# What this task involves
In the entries below, find the line containing "define w where" and the line containing "using \<open>0 \<le> w\<close>". Copy those two lines and everything between them exactly, and only that.

━━━ Exercise data ━━━

(* Let $\eta\ge 0$ and $\delta>0$ with $\delta<\sqrt{\eta^2+1/12}$. Then there exists a constant $\gamma=\gamma(\delta,\eta)<1$, depending only on $\delta$ and $\eta$, such that for every $d\in\mathbb{N}$ and every $x\in\mathbb{R}^d$ with $|x_i-1/2|=\eta$ for all $i=1,\dots,d$, \[ \lambda_d\bigl(B_\delta^d(x)\cap[0,1]^d\bigr)\le \gamma^d . \]
   Context: $B_\delta^d(x)=\{y\in\mathbb{R}^d \mid \|y-x\|_2\le \delta\sqrt{d}\}$ is the Euclidean ball of radius $\delta\sqrt d$ centered at $x$; $\lambda_d$ is $d$-dimensional Lebesgue measure. *)

theory Defs
  imports "HOL-Probability.Probability"
begin

text \<open>Vectors of R^d are represented as functions nat => real, extensional on {..<d}.
  Lebesgue measure lambda_d is the product measure of lborel over the index set {..<d}.\<close>

definition lebesgue_d :: "nat \<Rightarrow> (nat \<Rightarrow> real) measure" where
  "lebesgue_d d = Pi\<^sub>M {..<d} (\<lambda>_. lborel)"

definition euclid_norm_d :: "nat \<Rightarrow> (nat \<Rightarrow> real) \<Rightarrow> real" where
  "euclid_norm_d d y = sqrt (\<Sum>i<d. (y i)\<^sup>2)"

definition ball_d :: "nat \<Rightarrow> real \<Rightarrow> (nat \<Rightarrow> real) \<Rightarrow> (nat \<Rightarrow> real) set" where
  "ball_d d \<delta> x = {y \<in> PiE {..<d} (\<lambda>_. UNIV).
      euclid_norm_d d (\<lambda>i. y i - x i) \<le> \<delta> * sqrt (real d)}"

definition cube_d :: "nat \<Rightarrow> (nat \<Rightarrow> real) set" where
  "cube_d d = PiE {..<d} (\<lambda>_. {0..1})"

end

theory Submission
  imports Defs
begin

text \<open>
  A Chernoff bound. For \<open>t \<ge> 0\<close> the indicator of \<open>B\<^sub>\<delta>(x) \<inter> [0,1]\<^sup>d\<close> is dominated by
  \<open>\<Prod>\<^sub>i exp (t (\<delta>\<^sup>2 - (y\<^sub>i - x\<^sub>i)\<^sup>2)) \<one>\<^sub>[\<^sub>0\<^sub>,\<^sub>1\<^sub>](y\<^sub>i)\<close>, whose integral factorises into \<open>d\<close> copies
  of \<open>exp (t \<delta>\<^sup>2) \<integral>\<^sub>0\<^sup>1 exp (-t (z - x\<^sub>i)\<^sup>2) dz\<close>. Bounding \<open>exp (-s) \<le> 1 - s + s\<^sup>2/2\<close>, this factor is
  at most \<open>exp (t \<delta>\<^sup>2) (1 - t m + O(t\<^sup>2))\<close>, where \<open>m = \<eta>\<^sup>2 + 1/12\<close> is the mean of \<open>(z - x\<^sub>i)\<^sup>2\<close>
  over the unit interval. Since \<open>\<delta>\<^sup>2 < m\<close>, a small \<open>t > 0\<close> makes it a constant \<open>\<gamma> < 1\<close>.
\<close>

lemma exp_minus_le_quadratic:
  fixes s :: real
  assumes "0 \<le> s"
  shows "exp (- s) \<le> 1 - s + s\<^sup>2 / 2"
proof -
  obtain u where "exp (- s) = (\<Sum>m<3. (- s) ^ m / fact m) + exp u / fact 3 * (- s) ^ 3"
    using Maclaurin_exp_le[of "- s" 3] by blast
  moreover have "(\<Sum>m<3. (- s) ^ m / fact m) = 1 - s + s\<^sup>2 / 2"
    by (simp add: numeral_3_eq_3 power2_eq_square)
  moreover have "exp u / fact 3 * (- s) ^ 3 \<le> 0"
    using assms by (simp add: mult_nonneg_nonpos)
  ultimately show ?thesis by linarith
qed

lemma nn_integral_quadratic_unit_interval:
  fixes a c :: real
  assumes "\<And>z. z \<in> {0..1} \<Longrightarrow> 0 \<le> 1 - c * (z - a)\<^sup>2"
  shows "(\<integral>\<^sup>+ z. ennreal (1 - c * (z - a)\<^sup>2) * indicator {0..1} z \<partial>lborel)
         = ennreal (1 - c * (1/3 - a + a\<^sup>2))"
proof -
  define F where "F z = z - c * (z - a) ^ 3 / 3" for z
  have "(\<integral>\<^sup>+ z. ennreal (1 - c * (z - a)\<^sup>2) * indicator {0..1} z \<partial>lborel) = ennreal (F 1 - F 0)"
  proof (rule nn_integral_FTC_Icc)
    show "(F has_real_derivative 1 - c * (z - a)\<^sup>2) (at z)" for z
      unfolding F_def
      by (auto intro!: derivative_eq_intros simp: power2_eq_square numeral_3_eq_3 field_simps)
  qed (use assms in auto)
  also have "F 1 - F 0 = 1 - c * (1/3 - a + a\<^sup>2)"
    unfolding F_def by (simp add: field_simps power3_eq_cube power2_eq_square)
  finally show ?thesis .
qed

lemma nn_integral_gaussian_unit_interval_le:
  fixes a t K :: real
  assumes "0 \<le> t" and "\<And>z. z \<in> {0..1} \<Longrightarrow> (z - a)\<^sup>2 \<le> K"
  shows "(\<integral>\<^sup>+ z. ennreal (exp (- t * (z - a)\<^sup>2)) * indicator {0..1} z \<partial>lborel)
         \<le> ennreal (1 - (t - t\<^sup>2 * K / 2) * (1/3 - a + a\<^sup>2))"
proof -
  define c where "c = t - t\<^sup>2 * K / 2"
  have pointwise: "exp (- t * (z - a)\<^sup>2) \<le> 1 - c * (z - a)\<^sup>2" if z: "z \<in> {0..1}" for z
  proof -
    define w where "w = (z - a)\<^sup>2"
    have "0 \<le> w" and "w \<le> K"
      using assms(2)[OF z] unfolding w_def by simp_all
    have "exp (- t * w) \<le> 1 - t * w + t\<^sup>2 * (w * w) / 2"
      using exp_minus_le_quadratic[of "t * w"] \<open>0 \<le> t\<close> \<open>0 \<le> w\<close>
      by (simp add: power2_eq_square mult_ac)
    also have "t\<^sup>2 * (w * w) \<le> t\<^sup>2 * (K * w)"
      using \<open>0 \<le> w\<close> \<open>w \<le> K\<close> by (intro mult_left_mono mult_right_mono) auto
    finally show ?thesis unfolding w_def c_def by (simp add: algebra_simps)
  qed
  have "(\<integral>\<^sup>+ z. ennreal (exp (- t * (z - a)\<^sup>2)) * indicator {0..1} z \<partial>lborel)
      \<le> (\<integral>\<^sup>+ z. ennreal (1 - c * (z - a)\<^sup>2) * indicator {0..1} z \<partial>lborel)"
    using pointwise by (intro nn_integral_mono) (auto split: split_indicator intro!: ennreal_leI)
  also have "\<dots> = ennreal (1 - c * (1/3 - a + a\<^sup>2))"
    using pointwise exp_gt_zero by (intro nn_integral_quadratic_unit_interval) (meson less_le_trans less_imp_le)
  finally show ?thesis unfolding c_def .
qed

lemma nn_integral_gaussian_unit_interval_le_offcentre:
  fixes a t \<eta> :: real
  assumes "0 \<le> t" and "\<bar>a - 1/2\<bar> = \<eta>"
  shows "(\<integral>\<^sup>+ z. ennreal (exp (- t * (z - a)\<^sup>2)) * indicator {0..1} z \<partial>lborel)
         \<le> ennreal (1 - (t - t\<^sup>2 * (1/2 + \<eta>)\<^sup>2 / 2) * (\<eta>\<^sup>2 + 1/12))"
proof -
  have "(a - 1/2)\<^sup>2 = \<eta>\<^sup>2" using assms(2) by (metis power2_abs)
  then have "1/3 - a + a\<^sup>2 = \<eta>\<^sup>2 + 1/12" by (simp add: power2_eq_square algebra_simps)
  moreover have "(z - a)\<^sup>2 \<le> (1/2 + \<eta>)\<^sup>2" if "z \<in> {0..1}" for z
  proof -
    have "\<bar>z - a\<bar> \<le> 1/2 + \<eta>" using assms(2) that by (auto simp: abs_if split: if_splits)
    then show ?thesis by (metis abs_ge_zero power2_abs power_mono)
  qed
  ultimately show ?thesis
    using nn_integral_gaussian_unit_interval_le[of t a "(1/2 + \<eta>)\<^sup>2"] assms(1) by simp
qed

lemma indicator_ball_cube_le_prod_exp:
  fixes \<delta> t :: real
  assumes "0 \<le> \<delta>" and "0 \<le> t"
  shows "indicator (ball_d d \<delta> x \<inter> cube_d d) y
         \<le> (\<Prod>i<d. ennreal (exp (t * \<delta>\<^sup>2)) *
                    (ennreal (exp (- t * (y i - x i)\<^sup>2)) * indicator {0..1} (y i)))"
proof (cases "y \<in> ball_d d \<delta> x \<inter> cube_d d")
  case True
  then have cube: "y i \<in> {0..1}" if "i < d" for i
    using that unfolding cube_d_def by (auto simp: PiE_iff)
  have "sqrt (\<Sum>i<d. (y i - x i)\<^sup>2) \<le> sqrt (\<delta>\<^sup>2 * real d)"
    using True assms(1) unfolding ball_d_def euclid_norm_d_def by (simp add: real_sqrt_mult)
  then have "0 \<le> t * (\<delta>\<^sup>2 * real d - (\<Sum>i<d. (y i - x i)\<^sup>2))"
    using assms(2) by simp
  then have "1 \<le> exp (\<Sum>i<d. t * \<delta>\<^sup>2 - t * (y i - x i)\<^sup>2)"
    by (simp add: sum_subtractf sum_distrib_left[symmetric] algebra_simps)
  also have "\<dots> = (\<Prod>i<d. exp (t * \<delta>\<^sup>2) * exp (- t * (y i - x i)\<^sup>2))"
    by (simp add: exp_sum exp_diff exp_minus field_simps)
  finally have "ennreal 1 \<le> ennreal (\<Prod>i<d. exp (t * \<delta>\<^sup>2) * exp (- t * (y i - x i)\<^sup>2))"
    by (rule ennreal_leI)
  also have "\<dots> = (\<Prod>i<d. ennreal (exp (t * \<delta>\<^sup>2)) * ennreal (exp (- t * (y i - x i)\<^sup>2)))"
    by (simp add: prod_ennreal[symmetric] ennreal_mult)
  also have "\<dots> = (\<Prod>i<d. ennreal (exp (t * \<delta>\<^sup>2)) *
                    (ennreal (exp (- t * (y i - x i)\<^sup>2)) * indicator {0..1} (y i)))"
    using cube by (intro prod.cong) auto
  finally show ?thesis using True by simp
qed simp

lemma emeasure_ball_cube_le_prod:
  fixes \<delta> t :: real
  assumes "0 \<le> \<delta>" and "0 \<le> t"
  shows "emeasure (lebesgue_d d) (ball_d d \<delta> x \<inter> cube_d d)
         \<le> (\<Prod>i<d. ennreal (exp (t * \<delta>\<^sup>2)) *
                    (\<integral>\<^sup>+ z. ennreal (exp (- t * (z - x i)\<^sup>2)) * indicator {0..1} z \<partial>lborel))"
proof (cases "ball_d d \<delta> x \<inter> cube_d d \<in> sets (lebesgue_d d)")
  case True
  interpret product_sigma_finite "\<lambda>_::nat. lborel"
    by (simp add: product_sigma_finite_def lborel.sigma_finite_measure_axioms)
  have "emeasure (lebesgue_d d) (ball_d d \<delta> x \<inter> cube_d d)
      = (\<integral>\<^sup>+ y. indicator (ball_d d \<delta> x \<inter> cube_d d) y \<partial>lebesgue_d d)"
    using True by simp
  also have "\<dots> \<le> (\<integral>\<^sup>+ y. (\<Prod>i<d. ennreal (exp (t * \<delta>\<^sup>2)) *
                    (ennreal (exp (- t * (y i - x i)\<^sup>2)) * indicator {0..1} (y i))) \<partial>lebesgue_d d)"
    using assms by (intro nn_integral_mono indicator_ball_cube_le_prod_exp)
  also have "\<dots> = (\<Prod>i<d. \<integral>\<^sup>+ z. ennreal (exp (t * \<delta>\<^sup>2)) *
                    (ennreal (exp (- t * (z - x i)\<^sup>2)) * indicator {0..1} z) \<partial>lborel)"
    unfolding lebesgue_d_def by (intro product_nn_integral_prod) auto
  also have "\<dots> = (\<Prod>i<d. ennreal (exp (t * \<delta>\<^sup>2)) *
                    (\<integral>\<^sup>+ z. ennreal (exp (- t * (z - x i)\<^sup>2)) * indicator {0..1} z \<partial>lborel))"
    by (intro prod.cong refl nn_integral_cmult) measurable
  finally show ?thesis .
qed (simp add: emeasure_notin_sets)

lemma emeasure_ball_cube_le_power:
  fixes \<eta> \<delta> t :: real
  defines "\<gamma> \<equiv> exp (t * \<delta>\<^sup>2) * (1 - (t - t\<^sup>2 * (1/2 + \<eta>)\<^sup>2 / 2) * (\<eta>\<^sup>2 + 1/12))"
  assumes "0 \<le> \<delta>" and "0 \<le> t" and "0 \<le> \<gamma>" and "\<forall>i<d. \<bar>x i - 1/2\<bar> = \<eta>"
  shows "emeasure (lebesgue_d d) (ball_d d \<delta> x \<inter> cube_d d) \<le> ennreal (\<gamma> ^ d)"
proof -
  have factor: "ennreal (exp (t * \<delta>\<^sup>2)) *
      (\<integral>\<^sup>+ z. ennreal (exp (- t * (z - x i)\<^sup>2)) * indicator {0..1} z \<partial>lborel) \<le> ennreal \<gamma>"
    if "i < d" for i
  proof -
    have "ennreal (exp (t * \<delta>\<^sup>2)) *
        (\<integral>\<^sup>+ z. ennreal (exp (- t * (z - x i)\<^sup>2)) * indicator {0..1} z \<partial>lborel)
        \<le> ennreal (exp (t * \<delta>\<^sup>2)) * ennreal (1 - (t - t\<^sup>2 * (1/2 + \<eta>)\<^sup>2 / 2) * (\<eta>\<^sup>2 + 1/12))"
      using nn_integral_gaussian_unit_interval_le_offcentre[of t "x i" \<eta>] assms(3,5) that
      by (intro mult_left_mono) auto
    also have "\<dots> = ennreal \<gamma>"
      using \<open>0 \<le> \<gamma>\<close> unfolding \<gamma>_def by (simp add: ennreal_mult zero_le_mult_iff)
    finally show ?thesis .
  qed
  have "emeasure (lebesgue_d d) (ball_d d \<delta> x \<inter> cube_d d)
      \<le> (\<Prod>i<d. ennreal (exp (t * \<delta>\<^sup>2)) *
            (\<integral>\<^sup>+ z. ennreal (exp (- t * (z - x i)\<^sup>2)) * indicator {0..1} z \<partial>lborel))"
    using assms(2,3) by (rule emeasure_ball_cube_le_prod)
  also have "\<dots> \<le> (\<Prod>i<d. ennreal \<gamma>)"
    using factor by (intro prod_mono_ennreal) auto
  also have "\<dots> = ennreal (\<gamma> ^ d)"
    using \<open>0 \<le> \<gamma>\<close> by (simp add: ennreal_power)
  finally show ?thesis .
qed

text \<open>
  The choice \<open>t = (m - \<delta>\<^sup>2) / (K m)\<close> gives \<open>(t - t\<^sup>2 K / 2) m = t (m + \<delta>\<^sup>2) / 2\<close>, which exceeds
  \<open>t \<delta>\<^sup>2\<close>, while \<open>K t \<le> 1\<close> keeps \<open>1 - (t - t\<^sup>2 K / 2) m\<close> nonnegative.
\<close>

lemma exists_chernoff_exponent:
  fixes \<delta> m K :: real
  assumes "\<delta>\<^sup>2 < m" and "m \<le> K"
  shows "\<exists>t>0. 0 \<le> 1 - (t - t\<^sup>2 * K / 2) * m \<and> exp (t * \<delta>\<^sup>2) * (1 - (t - t\<^sup>2 * K / 2) * m) < 1"
proof -
  have "0 < m" using assms(1) zero_le_power2[of \<delta>] by linarith
  with assms have "0 < K" by linarith
  define t where "t = (m - \<delta>\<^sup>2) / (K * m)"
  define c where "c = t - t\<^sup>2 * K / 2"
  have "0 < t" unfolding t_def using assms(1) \<open>0 < m\<close> \<open>0 < K\<close> by simp
  have tKm: "t * K * m = m - \<delta>\<^sup>2" unfolding t_def using \<open>0 < m\<close> \<open>0 < K\<close> by simp
  have cm: "c * m = t * (m + \<delta>\<^sup>2) / 2"
  proof -
    have "c * m = t * m - t * (t * K * m) / 2" unfolding c_def by (simp add: power2_eq_square algebra_simps)
    then show ?thesis unfolding tKm by (simp add: field_simps)
  qed
  have "K * t * m \<le> 1 * m"
    using tKm by (simp add: mult.commute mult.left_commute)
  then have "K * t \<le> 1" using \<open>0 < m\<close> by simp
  have "2 * K * c = 1 - (1 - K * t)\<^sup>2"
    unfolding c_def by (simp add: power2_eq_square algebra_simps)
  then have "2 * K * c \<le> 1" by simp
  have "c * m \<le> 1"
  proof -
    have "2 * K * (c * m) \<le> 1 * m"
      using \<open>2 * K * c \<le> 1\<close> \<open>0 < m\<close> by (simp add: mult.assoc[symmetric] mult_right_mono)
    also have "\<dots> \<le> 2 * K * 1" using \<open>m \<le> K\<close> \<open>0 < K\<close> by simp
    finally show ?thesis using \<open>0 < K\<close> by simp
  qed
  have "t * \<delta>\<^sup>2 < t * m" using \<open>0 < t\<close> assms(1) by simp
  then have "1 - c * m < 1 - t * \<delta>\<^sup>2" using cm by (simp add: field_simps)
  also have "\<dots> \<le> exp (- (t * \<delta>\<^sup>2))" using exp_ge_add_one_self[of "- (t * \<delta>\<^sup>2)"] by simp
  finally have "exp (t * \<delta>\<^sup>2) * (1 - c * m) < 1"
    by (simp add: exp_minus field_simps)
  then show ?thesis using \<open>0 < t\<close> \<open>c * m \<le> 1\<close> unfolding c_def by auto
qed

theorem lemma2p2:
  fixes \<eta> \<delta> :: real
  assumes "\<eta> \<ge> 0" and "\<delta> > 0" and "\<delta> < sqrt (\<eta>\<^sup>2 + 1/12)"
  shows "\<exists>\<gamma>::real. \<gamma> < 1 \<and>
    (\<forall>d::nat. \<forall>x::nat \<Rightarrow> real.
       (\<forall>i<d. \<bar>x i - 1/2\<bar> = \<eta>) \<longrightarrow>
       emeasure (lebesgue_d d) (ball_d d \<delta> x \<inter> cube_d d) \<le> ennreal (\<gamma> ^ d))"
proof -
  define m where "m = \<eta>\<^sup>2 + 1/12"
  define K where "K = (1/2 + \<eta>)\<^sup>2"
  have "sqrt (\<delta>\<^sup>2) < sqrt m" using assms(2,3) unfolding m_def by simp
  then have "\<delta>\<^sup>2 < m" by (simp only: real_sqrt_less_iff)
  moreover have "m \<le> K" unfolding m_def K_def using assms(1) by (simp add: power2_eq_square algebra_simps)
  ultimately obtain t where "0 < t" and nonneg: "0 \<le> 1 - (t - t\<^sup>2 * K / 2) * m"
      and lt1: "exp (t * \<delta>\<^sup>2) * (1 - (t - t\<^sup>2 * K / 2) * m) < 1"
    using exists_chernoff_exponent by blast
  show ?thesis
  proof (intro exI[of _ "exp (t * \<delta>\<^sup>2) * (1 - (t - t\<^sup>2 * K / 2) * m)"] conjI allI impI)
    fix d :: nat and x :: "nat \<Rightarrow> real"
    assume "\<forall>i<d. \<bar>x i - 1/2\<bar> = \<eta>"
    then show "emeasure (lebesgue_d d) (ball_d d \<delta> x \<inter> cube_d d)
        \<le> ennreal ((exp (t * \<delta>\<^sup>2) * (1 - (t - t\<^sup>2 * K / 2) * m)) ^ d)"
      using emeasure_ball_cube_le_power[of \<delta> t \<eta>] assms(2) \<open>0 < t\<close> nonneg
      unfolding m_def K_def by simp
  qed (rule lt1)
qed

end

━━━

# Solution for this exercise
    define w where "w = (z - a)\<^sup>2"
    have "0 \<le> w" and "w \<le> K"
      using assms(2)[OF z] unfolding w_def by simp_all
    have "exp (- t * w) \<le> 1 - t * w + t\<^sup>2 * (w * w) / 2"
      using exp_minus_le_quadratic[of "t * w"] \<open>0 \<le> t\<close> \<open>0 \<le> w\<close>
      by (simp add: power2_eq_square mult_ac)
    also have "t\<^sup>2 * (w * w) \<le> t\<^sup>2 * (K * w)"
      using \<open>0 \<le> w\<close> \<open>w \<le> K\<close> by (intro mult_left_mono mult_right_mono) auto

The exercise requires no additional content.